India and China together is home to over 2.5 billion people so food and energy security will always be at the forefront of government’s policy. And in line with this policy both India and China have allowed home grown companies to expand capacity by acquiring assets in other emerging markets. Indian Agro companies have acquired and leased various agricultural assets including of farming lands in Argentina, Brazil, Mexico and parts of Africa. India’s agriculture sector is need of serious investments and structural reform including improving farming methods in order to increase its productivity.

China has 10% less arable land than India yet its agricultural production is 25% higher. Also China implemented land reforms in the early fifties which resulted in enhanced agricultural output, establishment of agro industries whereas with the exception of some states land reforms were mostly half measures in India. Bad policies decisions further deepened the crisis and as a result thousands of farmers are committing suicides every year across the country. Having said that private sector in India is making serious investment in the agro based industry and some of them bearing fruits. Going forward the government and the private sector in India will need to work together to boost investments in agro infrastructure as well as upgrading of existing distribution system, irrigation, farming methods and technology.  New Delhi will have to look at liberalizing R&D in agriculture sector, create policies to encourage investments in the agro sector of the economy and this will have to include the much needed land reforms.

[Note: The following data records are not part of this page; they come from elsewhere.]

lemma dim_block_diag_one[simp]:
  "dim_row (block_diag_one W) = Suc (dim_row W)" "dim_col (block_diag_one W) = Suc (dim_col W)"
  by (simp_all add: block_diag_one_def)

lemma block_diag_one_carrier[simp]:
  "W \<in> carrier_mat n n \<Longrightarrow> block_diag_one W \<in> carrier_mat (Suc n) (Suc n)"
  by (simp add: block_diag_one_def)

lemma index_block_diag_one:
  assumes "W \<in> carrier_mat n n"
  shows "j < Suc n \<Longrightarrow> block_diag_one W $$ (0,j) = (if j = 0 then 1 else 0)"
    and "i < Suc n \<Longrightarrow> block_diag_one W $$ (i,0) = (if i = 0 then 1 else 0)"
    and "i < n \<Longrightarrow> j < n \<Longrightarrow> block_diag_one W $$ (Suc i, Suc j) = W $$ (i,j)"
  using assms by (auto simp: block_diag_one_def)

lemma unitary_block_diag_one:
  assumes W: "unitary_mat n W"
  shows "unitary_mat (Suc n) (block_diag_one W)"
proof (rule unitary_matI)
  note w = unitary_matD[OF W]
  let ?P = "block_diag_one W"
  note P = index_block_diag_one[OF w(1)]
  show Pc: "?P \<in> carrier_mat (Suc n) (Suc n)" using w by simp
  show "adj ?P * ?P = 1\<^sub>m (Suc n)"
  proof (rule eq_matI)
    fix i j assume "i < dim_row (1\<^sub>m (Suc n))" "j < dim_col (1\<^sub>m (Suc n))"
    hence ij: "i < Suc n" "j < Suc n" by auto
    have "(adj ?P * ?P) $$ (i,j) = (\<Sum>k<Suc n. cnj (?P $$ (k,i)) * ?P $$ (k,j))"
      using w(1) ij by (simp add: index_mult_mat_sum[of _ "Suc n" "Suc n" _ "Suc n"] del: index_mult_mat)
    also have "\<dots> = cnj (?P $$ (0,i)) * ?P $$ (0,j) + (\<Sum>k<n. cnj (?P $$ (Suc k,i)) * ?P $$ (Suc k,j))"
      by (rule sum.lessThan_Suc_shift)
    also have "\<dots> = 1\<^sub>m (Suc n) $$ (i,j)"
    proof (cases i; cases j)
      fix i' j' assume ij': "i = Suc i'" "j = Suc j'"
      have "(\<Sum>k<n. cnj (?P $$ (Suc k,i)) * ?P $$ (Suc k,j)) = (adj W * W) $$ (i',j')"
        using w(1) ij ij' by (simp add: P index_mult_mat_sum[of _ n n _ n] del: index_mult_mat)
      thus ?thesis using w ij ij' P by simp
    qed (use ij P in auto)
    finally show "(adj ?P * ?P) $$ (i,j) = 1\<^sub>m (Suc n) $$ (i,j)" .
  qed (use Pc in auto)
qed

China’s ambitious development goals are an official target of reaching a 95 percent grain self-sufficiency rate. This policy is a pillar to establishing the country’s food security, and result in an increase in domestic fertilizer consumption. According to the governments figures China’s national grain consumption will reach 572.5 million tons around 2020, requiring an increase of around 50 million tons in domestic fertilizer production over the next 10 years.  In order to achieve these targets, the government has made clear that it plans to boost investment in agro infrastructure also upgrade existing technologies in irrigation systems as well as seedlings, while improving farming methods and increasing the level mechanisation in the sector.

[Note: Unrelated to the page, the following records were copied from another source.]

(* Let $N\in\{1,2\}$, let $\lambda_1,\dots,\lambda_N$ be distinct real numbers and $\mu_1,\dots,\mu_N$ nonzero real constants, and let $\bar F_j$ ($1\le j\le N$) and $F_m$ ($1\le m\le 2N$) be the functions on $\mathbb{R}^{6N}$ defined below. Consider the $3N\times3N$ matrix \[D(N)=\begin{pmatrix}(\mathrm{grad}_{P_1}\bar F_1)^T&(\mathrm{grad}_{P_2}\bar F_1)^T&(\mathrm{grad}_{P_3}\bar F_1)^T\\ \vdots&\vdots&\vdots\\ (\mathrm{grad}_{P_1}\bar F_N)^T&(\mathrm{grad}_{P_2}\bar F_N)^T&(\mathrm{grad}_{P_3}\bar F_N)^T\\ (\mathrm{grad}_{P_1}F_1)^T&(\mathrm{grad}_{P_2}F_1)^T&(\mathrm{grad}_{P_3}F_1)^T\\ \vdots&\vdots&\vdots\\ (\mathrm{grad}_{P_1}F_{2N})^T&(\mathrm{grad}_{P_2}F_{2N})^T&(\mathrm{grad}_{P_3}F_{2N})^T\end{pmatrix},\] where $\mathrm{grad}_{P_i}G=(\frac{\partial G}{\partial\phi_{i1}},\dots,\frac{\partial G}{\partial\phi_{iN}})^T$. Then $\det D(N)$ is not identically zero on $\mathbb{R}^{6N}$; consequently the integrals of motion $\bar F_j$, $1\le j\le N$, and $F_m$, $1\le m\le 2N$, are independent at least on some region of $\mathbb{R}^{6N}$.
   Context: Coordinates on $\mathbb{R}^{6N}$: $\phi_{ij},\psi_{ij}$ ($i=1,2,3$, $j=1,\dots,N$); $P_i=(\phi_{i1},\dots,\phi_{iN})^T$, $Q_i=(\psi_{i1},\dots,\psi_{iN})^T$; $A=\mathrm{diag}(\lambda_1,\dots,\lambda_N)$, $B=\mathrm{diag}(\mu_1,\dots,\mu_N)$; $\langle\cdot,\cdot\rangle$ the standard inner product on $\mathbb{R}^N$. $\bar F_j=\sum_{i=1}^3\phi_{ij}\psi_{ij}$. $F_1=-8(\langle P_1,BQ_1\rangle-\langle P_3,BQ_3\rangle)$ and for $m\ge2$: $F_m=4\sum_{i=1}^{m-1}\big[(\langle A^{i-1}P_1,BQ_1\rangle-\langle A^{i-1}P_3,BQ_3\rangle)(\langle A^{m-i-1}P_1,BQ_1\rangle-\langle A^{m-i-1}P_3,BQ_3\rangle)+2(\langle A^{i-1}P_1,BQ_2\rangle+\langle A^{i-1}P_2,BQ_3\rangle)(\langle A^{m-i-1}P_2,BQ_1\rangle+\langle A^{m-i-1}P_3,BQ_2\rangle)\big]-8(\langle A^{m-1}P_1,BQ_1\rangle-\langle A^{m-1}P_3,BQ_3\rangle)$. *)

theory Defs
  imports Complex_Main "HOL-Analysis.Derivative" "Jordan_Normal_Form.Determinant"
begin

text \<open>Coordinates on R^(6N): phi i j and psi i j, with i in {1,2,3}, j in {1..N}
  (1-based; values at other indices are irrelevant).
  lam j and mu j (j in {1..N}) are the diagonal entries of A and B.\<close>

text \<open>The pairing < A^k P_a , B Q_b > = sum_{j=1..N} (lam_j^k phi_{aj}) (mu_j psi_{bj}).\<close>
definition pairAB :: "nat \<Rightarrow> (nat \<Rightarrow> real) \<Rightarrow> (nat \<Rightarrow> real) \<Rightarrow> nat \<Rightarrow> nat \<Rightarrow> nat
    \<Rightarrow> (nat \<Rightarrow> nat \<Rightarrow> real) \<Rightarrow> (nat \<Rightarrow> nat \<Rightarrow> real) \<Rightarrow> real" where
  "pairAB N lam mu k a b phi psi = (\<Sum>j=1..N. (lam j ^ k * phi a j) * (mu j * psi b j))"

definition Fbar :: "nat \<Rightarrow> (nat \<Rightarrow> nat \<Rightarrow> real) \<Rightarrow> (nat \<Rightarrow> nat \<Rightarrow> real) \<Rightarrow> real" where
  "Fbar j phi psi = (\<Sum>i=1..3. phi i j * psi i j)"

definition Fm :: "nat \<Rightarrow> (nat \<Rightarrow> real) \<Rightarrow> (nat \<Rightarrow> real) \<Rightarrow> nat
    \<Rightarrow> (nat \<Rightarrow> nat \<Rightarrow> real) \<Rightarrow> (nat \<Rightarrow> nat \<Rightarrow> real) \<Rightarrow> real" where
  "Fm N lam mu m phi psi =
    (let p = (\<lambda>k a b. pairAB N lam mu k a b phi psi) in
     if m = 1 then -8 * (p 0 1 1 - p 0 3 3)
     else 4 * (\<Sum>i=1..m-1.
              (p (i-1) 1 1 - p (i-1) 3 3) * (p (m-i-1) 1 1 - p (m-i-1) 3 3)
            + 2 * (p (i-1) 1 2 + p (i-1) 2 3) * (p (m-i-1) 2 1 + p (m-i-1) 3 2))
          - 8 * (p (m-1) 1 1 - p (m-1) 3 3))"

definition dphi :: "((nat \<Rightarrow> nat \<Rightarrow> real) \<Rightarrow> (nat \<Rightarrow> nat \<Rightarrow> real) \<Rightarrow> real)
    \<Rightarrow> nat \<Rightarrow> nat \<Rightarrow> (nat \<Rightarrow> nat \<Rightarrow> real) \<Rightarrow> (nat \<Rightarrow> nat \<Rightarrow> real) \<Rightarrow> real" where
  "dphi G i j phi psi = deriv (\<lambda>t. G (phi(i := (phi i)(j := t))) psi) (phi i j)"

text \<open>The 3N x 3N matrix D(N) (0-based row r, column c).  Rows 0..N-1: Fbar_1..Fbar_N;
  rows N..3N-1: F_1..F_{2N}.  Column c = (i-1)*N + (j-1) holds d/d phi_{ij}.\<close>
definition DN :: "nat \<Rightarrow> (nat \<Rightarrow> real) \<Rightarrow> (nat \<Rightarrow> real)
    \<Rightarrow> (nat \<Rightarrow> nat \<Rightarrow> real) \<Rightarrow> (nat \<Rightarrow> nat \<Rightarrow> real) \<Rightarrow> real mat" where
  "DN N lam mu phi psi = mat (3*N) (3*N) (\<lambda>(r, c).
     let G = (if r < N then Fbar (r+1) else Fm N lam mu (r-N+1))
     in dphi G (c div N + 1) (c mod N + 1) phi psi)"

end

theory Submission
  imports Defs
begin

text \<open>
  At the point \<open>P\<^sub>1 = P\<^sub>3 = 0\<close>, \<open>P\<^sub>2 = e\<^sub>1 - e\<^sub>2\<close>,
  \<open>Q\<^sub>1 = Q\<^sub>3 = B\<^sup>-\<^sup>1 (1,\<dots>,1)\<close>, \<open>Q\<^sub>2 = 0\<close>, the only nonzero pairings
  \<open>\<langle>A\<^sup>k P\<^sub>a, B Q\<^sub>b\<rangle>\<close> are those with \<open>a = 2\<close>, \<open>b \<noteq> 2\<close>, all equal to
  \<open>s\<^sub>k = \<lambda>\<^sub>1\<^sup>k - \<lambda>\<^sub>2\<^sup>k\<close> (or \<open>\<lambda>\<^sub>1\<^sup>k\<close> if \<open>N = 1\<close>).
  So in the gradient of the quadratic part of \<open>F\<^sub>m\<close> only the terms differentiating
  \<open>\<langle>A\<^sup>k P\<^sub>1, B Q\<^sub>2\<rangle> + \<langle>A\<^sup>k P\<^sub>2, B Q\<^sub>3\<rangle>\<close> and \<open>\<langle>A\<^sup>k P\<^sub>2, B Q\<^sub>1\<rangle> + \<langle>A\<^sup>k P\<^sub>3, B Q\<^sub>2\<rangle>\<close>
  survive, and \<open>D(N)\<close> is sparse enough to compute its kernel by hand: the rows of
  \<open>Fbar\<^sub>j\<close> and \<open>F\<^sub>1, F\<^sub>2\<close> kill the \<open>P\<^sub>1\<close>- and \<open>P\<^sub>3\<close>-components, and the
  \<open>P\<^sub>2\<close>-components are then killed by \<open>F\<^sub>2\<close> if \<open>N = 1\<close> (as \<open>s\<^sub>0 = 1\<close>) and by
  \<open>F\<^sub>3, F\<^sub>4\<close>, with factors \<open>\<lambda>\<^sub>1 - \<lambda>\<^sub>2\<close> and \<open>(\<lambda>\<^sub>1 - \<lambda>\<^sub>2)\<^sup>2\<close>, if \<open>N = 2\<close>.
\<close>

lemma Fm_eq_sum:
  "Fm N lam mu m phi psi =
    (let p = (\<lambda>k a b. pairAB N lam mu k a b phi psi) in
     4 * (\<Sum>l=1..<m.
            (p (l-1) 1 1 - p (l-1) 3 3) * (p (m-l-1) 1 1 - p (m-l-1) 3 3)
          + 2 * (p (l-1) 1 2 + p (l-1) 2 3) * (p (m-l-1) 2 1 + p (m-l-1) 3 2))
       - 8 * (p (m-1) 1 1 - p (m-1) 3 3))"
proof -
  have "{1..m-1} = {1..<m}" by auto
  then show ?thesis unfolding Fm_def Let_def by (cases "m = 1") simp_all
qed

lemma dphi_eqI:
  assumes "((\<lambda>t. G (phi(i := (phi i)(j := t))) psi) has_field_derivative D) (at (phi i j))"
  shows "dphi G i j phi psi = D"
  using DERIV_imp_deriv[OF assms] by (simp add: dphi_def)

lemma pairAB_has_field_derivative:
  "((\<lambda>t. pairAB N lam mu k a b (phi(i := (phi i)(j := t))) psi) has_field_derivative
     (if a = i \<and> j \<in> {1..N} then lam j ^ k * mu j * psi b j else 0)) (at t0)"
proof -
  have "((\<lambda>t. \<Sum>j'=1..N. lam j' ^ k * (phi(i := (phi i)(j := t))) a j' * (mu j' * psi b j'))
     has_field_derivative
       (\<Sum>j'=1..N. if a = i \<and> j' = j then lam j' ^ k * mu j' * psi b j' else 0)) (at t0)"
    by (rule DERIV_sum, cases "a = i") (auto intro!: derivative_eq_intros)
  moreover have "(\<Sum>j'=1..N. if a = i \<and> j' = j then lam j' ^ k * mu j' * psi b j' else 0)
     = (if a = i \<and> j \<in> {1..N} then lam j ^ k * mu j * psi b j else 0)"
    by (cases "a = i") (auto simp: sum.delta)
  ultimately show ?thesis unfolding pairAB_def by (simp add: mult.assoc)
qed

lemma dphi_pairAB:
  "dphi (pairAB N lam mu k a b) i j phi psi =
     (if a = i \<and> j \<in> {1..N} then lam j ^ k * mu j * psi b j else 0)"
  by (rule dphi_eqI pairAB_has_field_derivative)+

lemma dphi_Fbar:
  "dphi (Fbar k) i j phi psi = (if i \<in> {1..3} \<and> j = k then psi i j else 0)"
proof -
  have "((\<lambda>t. \<Sum>i'=1..3. (phi(i := (phi i)(j := t))) i' k * psi i' k) has_field_derivative
     (\<Sum>i'=1..3. if i' = i \<and> j = k then psi i' k else 0)) (at (phi i j))"
    apply (rule DERIV_sum)
    subgoal for n by (cases "n = i"; cases "j = k") (auto intro!: derivative_eq_intros)
    done
  moreover have "(\<Sum>i'=1..3. if i' = i \<and> j = k then psi i' k else 0)
     = (if i \<in> {1..3} \<and> j = k then psi i j else 0)"
    by (cases "j = k") (auto simp: sum.delta)
  ultimately show ?thesis unfolding Fbar_def by (intro dphi_eqI) simp
qed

While both India and China search for a more competent, healthier and sustainable way to develop their economy. They do face similar challenges and one of them is to find a growth model that is inclusive and able to deal with growing income inequality which could potentially create social unrest going forward.

The two great civilizations of the past are finding their way back to the world centre stage as economic powers and in the process reshaping the future of the global economy. Both countries can learn a lot from each other and through collaboration create limitless growth opportunities.

A combined population of 2.5 billion presents a huge market full of abundant opportunities that has a potential of creating a super- highway for growth. And linking to a super growth corridor will allow other countries especially the emerging economies to increase their growth speed limits significantly.  So there is a strong case for companies and economies to have a China- India strategy (aka CHINDIA ) rather than a strategy that focuses only on China or India.